- _Aim of the exercise_: All lines in the data below carrying the string "finR" are to be located and copied.

Collected data
_____

lemma schur:
  assumes irr_r: "irreducible_unitary_rep G d \<rho>" and irr_s: "irreducible_unitary_rep G e \<sigma>"
    and T: "(T::complex mat) \<in> carrier_mat e d" and int: "\<forall>g\<in>carrier G. \<sigma> g * T = T * \<rho> g"
    and nz: "T \<noteq> 0\<^sub>m e d"
  shows "rep_equiv G d \<rho> e \<sigma>"
proof -
  have r: "unitary_rep G d \<rho>" and s: "unitary_rep G e \<sigma>"
    using irr_r irr_s by (auto simp: irreducible_unitary_rep_def)
  have "\<exists>v\<in>carrier_vec d. T *\<^sub>v v \<noteq> 0\<^sub>v e"
  proof (rule ccontr)
    assume kills: "\<not> ?thesis"
    have "T *\<^sub>v v = 0\<^sub>m e d *\<^sub>v v" if v: "v \<in> carrier_vec d" for v
    proof -
      have "T *\<^sub>v v = 0\<^sub>v e" using v kills by blast
      also have "\<dots> = 0\<^sub>m e d *\<^sub>v v" by (intro eq_vecI) (use v in auto)
      finally show ?thesis .
    qed
    then show False using mat_eq_by_action[OF T zero_carrier_mat] nz by blast
  qed
  then obtain v where v: "v \<in> carrier_vec d" "T *\<^sub>v v \<noteq> 0\<^sub>v e" by blast
  have "{v \<in> carrier_vec d. T *\<^sub>v v = 0\<^sub>v e} \<noteq> carrier_vec d" using v by auto
  then have "{v \<in> carrier_vec d. T *\<^sub>v v = 0\<^sub>v e} = {0\<^sub>v d}"
    using irreducible_invariant[OF irr_r intertwiner_kernel_invariant[OF r s T int]] by meson
  moreover have "(\<lambda>v. T *\<^sub>v v) ` carrier_vec d \<noteq> {0\<^sub>v e}" using v by (metis image_eqI singletonD)
  then have "(\<lambda>v. T *\<^sub>v v) ` carrier_vec d = carrier_vec e"
    using irreducible_invariant[OF irr_s intertwiner_image_invariant[OF r s T int]] by meson
  ultimately have "d = e \<and> invertible_mat T" by (rule bijective_mat_invertible[OF T])
  then show ?thesis unfolding rep_equiv_def using T int by metis
qed

section \<open>Schur orthogonality\<close>

text \<open>Averaging the matrix unit E_bc over G, h |-> sigma(h) E_bc rho(h^-1), gives an intertwiner
  from rho to sigma; here it is written entrywise.\<close>
lemma averaged_intertwiner:
  assumes grp: "group G" and ur: "unitary_rep G d \<rho>" and us: "unitary_rep G e \<sigma>"
    and b: "b < e" and c: "c < d"
    and T_def: "T = mat e d (\<lambda>(x,z). \<Sum>h\<in>carrier G. \<sigma> h $$ (x,b) * \<rho> (inv\<^bsub>G\<^esub> h) $$ (c,z))"
  shows "\<forall>g\<in>carrier G. \<sigma> g * T = T * \<rho> g"
proof
  interpret group G by (rule grp)
  fix g assume g: "g \<in> carrier G"
  have rc: "\<And>h. h \<in> carrier G \<Longrightarrow> \<rho> h \<in> carrier_mat d d" by (rule rep_carrier[OF ur])
  have sc: "\<And>h. h \<in> carrier G \<Longrightarrow> \<sigma> h \<in> carrier_mat e e" by (rule rep_carrier[OF us])
  have T: "T \<in> carrier_mat e d" by (simp add: T_def)
  show "\<sigma> g * T = T * \<rho> g"
  proof (rule eq_matI)
    fix x z assume "x < dim_row (T * \<rho> g)" "z < dim_col (T * \<rho> g)"
    then have x: "x < e" and z: "z < d" using T rc[OF g] by auto
    have "(\<sigma> g * T) $$ (x,z) = (\<Sum>k<e. \<sigma> g $$ (x,k) * (\<Sum>h\<in>carrier G. \<sigma> h $$ (k,b) * \<rho> (inv\<^bsub>G\<^esub> h) $$ (c,z)))"
      using mult_entry[OF sc[OF g] T x z] x z by (simp add: T_def)
    also have "\<dots> = (\<Sum>h\<in>carrier G. (\<Sum>k<e. \<sigma> g $$ (x,k) * \<sigma> h $$ (k,b)) * \<rho> (inv\<^bsub>G\<^esub> h) $$ (c,z))"
      unfolding sum_distrib_left sum_distrib_right mult.assoc by (rule sum.swap)
    also have "\<dots> = (\<Sum>h\<in>carrier G. \<sigma> (g \<otimes>\<^bsub>G\<^esub> h) $$ (x,b) * \<rho> (inv\<^bsub>G\<^esub> h) $$ (c,z))"
      using us g b by (intro sum.cong refl) (simp add: unitary_rep_def mult_entry[OF sc[OF g] sc x b])
    also have "\<dots> = (\<Sum>h\<in>carrier G. \<sigma> (g \<otimes>\<^bsub>G\<^esub> h) $$ (x,b) * \<rho> (inv\<^bsub>G\<^esub> (g \<otimes>\<^bsub>G\<^esub> h) \<otimes>\<^bsub>G\<^esub> g) $$ (c,z))"
      by (intro sum.cong refl) (simp add: g inv_mult_group m_assoc)
    also have "\<dots> = (\<Sum>h\<in>carrier G. \<sigma> h $$ (x,b) * \<rho> (inv\<^bsub>G\<^esub> h \<otimes>\<^bsub>G\<^esub> g) $$ (c,z))"
      by (rule sym, rule sum.reindex_bij_witness[of _ "\<lambda>h. g \<otimes>\<^bsub>G\<^esub> h" "\<lambda>h. inv\<^bsub>G\<^esub> g \<otimes>\<^bsub>G\<^esub> h"])
         (auto simp: g m_assoc[symmetric])
    also have "\<dots> = (\<Sum>h\<in>carrier G. \<sigma> h $$ (x,b) * (\<Sum>k<d. \<rho> (inv\<^bsub>G\<^esub> h) $$ (c,k) * \<rho> g $$ (k,z)))"
      using ur g c by (intro sum.cong refl) (simp add: unitary_rep_def mult_entry[OF rc rc[OF g] c z])
    also have "\<dots> = (\<Sum>k<d. (\<Sum>h\<in>carrier G. \<sigma> h $$ (x,b) * \<rho> (inv\<^bsub>G\<^esub> h) $$ (c,k)) * \<rho> g $$ (k,z))"
      unfolding sum_distrib_left sum_distrib_right mult.assoc by (rule sum.swap)
    also have "\<dots> = (T * \<rho> g) $$ (x,z)"
      using mult_entry[OF T rc[OF g] x z] x by (simp add: T_def)
    finally show "(\<sigma> g * T) $$ (x,z) = (T * \<rho> g) $$ (x,z)" .
  qed (use T sc[OF g] rc[OF g] in auto)
qed

lemma schur_orthogonality:
  assumes grp: "group G"
    and irr_r: "irreducible_unitary_rep G d \<rho>" and irr_s: "irreducible_unitary_rep G e \<sigma>"
    and ineq: "\<not> rep_equiv G d \<rho> e \<sigma>"
    and ab: "a < e" "b < e" and cy: "c < d" "y < d"
  shows "(\<Sum>h\<in>carrier G. \<sigma> h $$ (a,b) * \<rho> (inv\<^bsub>G\<^esub> h) $$ (c,y)) = 0"
proof -
  define T where "T = mat e d (\<lambda>(x,z). \<Sum>h\<in>carrier G. \<sigma> h $$ (x,b) * \<rho> (inv\<^bsub>G\<^esub> h) $$ (c,z))"
  have T: "T \<in> carrier_mat e d" by (simp add: T_def)
  have "\<forall>g\<in>carrier G. \<sigma> g * T = T * \<rho> g"
    using irr_r irr_s ab cy
    by (intro averaged_intertwiner[OF grp _ _ _ _ T_def]) (auto simp: irreducible_unitary_rep_def)
  then have "T = 0\<^sub>m e d" using schur[OF irr_r irr_s T] ineq by blast
  then have "T $$ (a,y) = 0" using ab cy by simp
  then show ?thesis using ab cy by (simp add: T_def)
qed

lemma rho_dag_orthogonal:
  assumes grp: "group G"
    and irr_r: "irreducible_unitary_rep G d \<rho>" and irr_s: "irreducible_unitary_rep G e \<sigma>"
    and ineq: "\<not> rep_equiv G d \<rho> e \<sigma>"
    and A: "A \<in> carrier_mat e e" and B: "B \<in> carrier_mat d d"
  shows "(\<Sum>h\<in>carrier G. cnj (rho_dag G \<sigma> A h) * rho_dag G \<rho> B h) = 0"
proof -
  have ur: "unitary_rep G d \<rho>" and us: "unitary_rep G e \<sigma>"
    using irr_r irr_s by (auto simp: irreducible_unitary_rep_def)
  have e1: "cnj (rho_dag G \<sigma> A h) = (\<Sum>i<e. \<Sum>k<e. \<sigma> h $$ (k,i) * cnj (A $$ (k,i)))"
    if h: "h \<in> carrier G" for h
  proof -
    have sc: "\<sigma> h \<in> carrier_mat e e" by (rule rep_carrier[OF us h])
    have "rho_dag G \<sigma> A h = (\<Sum>i<e. \<Sum>k<e. cadj (\<sigma> h) $$ (i,k) * A $$ (k,i))"
      using h mtrace_mult[OF cadj_carrier[OF sc] A] by (simp add: rho_dag_def)
    also have "\<dots> = (\<Sum>i<e. \<Sum>k<e. cnj (\<sigma> h $$ (k,i)) * A $$ (k,i))"
      using sc by (intro sum.cong refl) (simp add: cadj_def)
    finally show ?thesis by simp
  qed
  have e2: "rho_dag G \<rho> B h = (\<Sum>j<d. \<Sum>l<d. \<rho> (inv\<^bsub>G\<^esub> h) $$ (j,l) * B $$ (l,j))"
    if h: "h \<in> carrier G" for h
    using h mtrace_mult[OF cadj_carrier[OF rep_carrier[OF ur h]] B] rep_cadj[OF grp ur h]
    by (simp add: rho_dag_def)
  have coeff: "(\<Sum>h\<in>carrier G. \<sigma> h $$ (k,i) * \<rho> (inv\<^bsub>G\<^esub> h) $$ (j,l)) = 0"
    if "k < e" "i < e" "j < d" "l < d" for i k j l
    using schur_orthogonality[OF grp irr_r irr_s ineq] that by blast
  have "(\<Sum>h\<in>carrier G. cnj (rho_dag G \<sigma> A h) * rho_dag G \<rho> B h)
     = (\<Sum>h\<in>carrier G. \<Sum>j<d. \<Sum>i<e. \<Sum>l<d. \<Sum>k<e.
          (\<sigma> h $$ (k,i) * \<rho> (inv\<^bsub>G\<^esub> h) $$ (j,l)) * (cnj (A $$ (k,i)) * B $$ (l,j)))"
    by (intro sum.cong refl) (simp add: e1 e2 sum_distrib_left sum_distrib_right mult_ac)
  also have "\<dots> = (\<Sum>j<d. \<Sum>i<e. \<Sum>l<d. \<Sum>k<e.
          (\<Sum>h\<in>carrier G. \<sigma> h $$ (k,i) * \<rho> (inv\<^bsub>G\<^esub> h) $$ (j,l)) * (cnj (A $$ (k,i)) * B $$ (l,j)))"
    by (simp only: sum.swap[of _ "carrier G"] sum_distrib_right)
  also have "\<dots> = 0" by (simp add: coeff)
  finally show ?thesis .
qed

section \<open>The state phi is nonzero\<close>

definition phi_state :: "('g, 'b) monoid_scheme \<Rightarrow> ('g \<Rightarrow> complex mat) set \<Rightarrow>
    (('g \<Rightarrow> complex mat) \<Rightarrow> complex) \<Rightarrow> (('g \<Rightarrow> complex mat) \<Rightarrow> complex mat) \<Rightarrow> 'g \<Rightarrow> complex" where
  "phi_state G R c P = (\<lambda>h. \<Sum>\<rho>\<in>R. c \<rho> * rho_dag G \<rho> (P \<rho>) h)"

text \<open>rho^dagger(P)(1) = Tr(P) = Tr(P^dagger P), which is nonzero for a nonzero projector.\<close>
lemma rho_dag_projector_at_one:
  assumes grp: "group G" and ur: "unitary_rep G d \<rho>"
    and proj: "orth_projector d P" and nz: "P \<noteq> 0\<^sub>m d d"
  shows "rho_dag G \<rho> P \<one>\<^bsub>G\<^esub> \<noteq> 0"
proof -
  interpret group G by (rule grp)
  have Pc: "P \<in> carrier_mat d d" using proj by (simp add: orth_projector_def)
  have "cadj (\<rho> \<one>\<^bsub>G\<^esub>) = 1\<^sub>m d" using rep_cadj[OF grp ur one_closed] rep_one[OF grp ur] by simp
  then have "rho_dag G \<rho> P \<one>\<^bsub>G\<^esub> = mtrace P" using Pc by (simp add: rho_dag_def)
  also have "\<dots> = mtrace (cadj P * P)" using proj by (simp add: orth_projector_def)
  finally show ?thesis using mtrace_gram_nonzero[OF Pc nz] by simp
qed

text \<open>Pairing phi with rho0^dagger(P rho0) in C[G]: by orthogonality only the rho0 summand
  survives, contributing c_rho0 times the squared norm of rho0^dagger(P rho0).\<close>
lemma phi_state_pairing:
  assumes grp: "group G" and irreps: "complete_irreps G R dimV" and finR: "finite R"
    and Pc: "\<forall>\<rho>\<in>R. P \<rho> \<in> carrier_mat (dimV \<rho>) (dimV \<rho>)" and r0: "\<rho>0 \<in> R"
  shows "(\<Sum>h\<in>carrier G. cnj (rho_dag G \<rho>0 (P \<rho>0) h) * phi_state G R c P h)
           = c \<rho>0 * complex_of_real (\<Sum>h\<in>carrier G. (cmod (rho_dag G \<rho>0 (P \<rho>0) h))\<^sup>2)"
proof -
  have irr: "\<And>\<rho>. \<rho> \<in> R \<Longrightarrow> irreducible_unitary_rep G (dimV \<rho>) \<rho>"
    using irreps by (simp add: complete_irreps_def)
  define Q where "Q = (\<lambda>\<rho>. \<Sum>h\<in>carrier G. cnj (rho_dag G \<rho>0 (P \<rho>0) h) * rho_dag G \<rho> (P \<rho>) h)"
  have "(\<Sum>h\<in>carrier G. cnj (rho_dag G \<rho>0 (P \<rho>0) h) * phi_state G R c P h) = (\<Sum>\<rho>\<in>R. c \<rho> * Q \<rho>)"
    unfolding Q_def phi_state_def sum_distrib_left
    by (subst sum.swap) (simp add: mult_ac)
  also have "\<dots> = c \<rho>0 * Q \<rho>0 + (\<Sum>\<rho>\<in>R - {\<rho>0}. c \<rho> * Q \<rho>)"
    by (rule sum.remove[OF finR r0])
  also have "(\<Sum>\<rho>\<in>R - {\<rho>0}. c \<rho> * Q \<rho>) = 0"
  proof (rule sum.neutral, rule ballI)
    fix \<rho> assume r: "\<rho> \<in> R - {\<rho>0}"
    then have "\<not> rep_equiv G (dimV \<rho>) \<rho> (dimV \<rho>0) \<rho>0"
      using irreps r0 unfolding complete_irreps_def by blast
    then have "Q \<rho> = 0" unfolding Q_def
      using rho_dag_orthogonal[OF grp irr irr[OF r0]] Pc r r0 by blast
    then show "c \<rho> * Q \<rho> = 0" by simp
  qed
  also have "Q \<rho>0 = complex_of_real (\<Sum>h\<in>carrier G. (cmod (rho_dag G \<rho>0 (P \<rho>0) h))\<^sup>2)"
    unfolding Q_def by (simp add: complex_norm_square mult.commute del: of_real_power)
  finally show ?thesis by simp
qed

_____

- _Your solution_:
  assumes grp: "group G" and irreps: "complete_irreps G R dimV" and finR: "finite R"
    by (rule sum.remove[OF finR r0])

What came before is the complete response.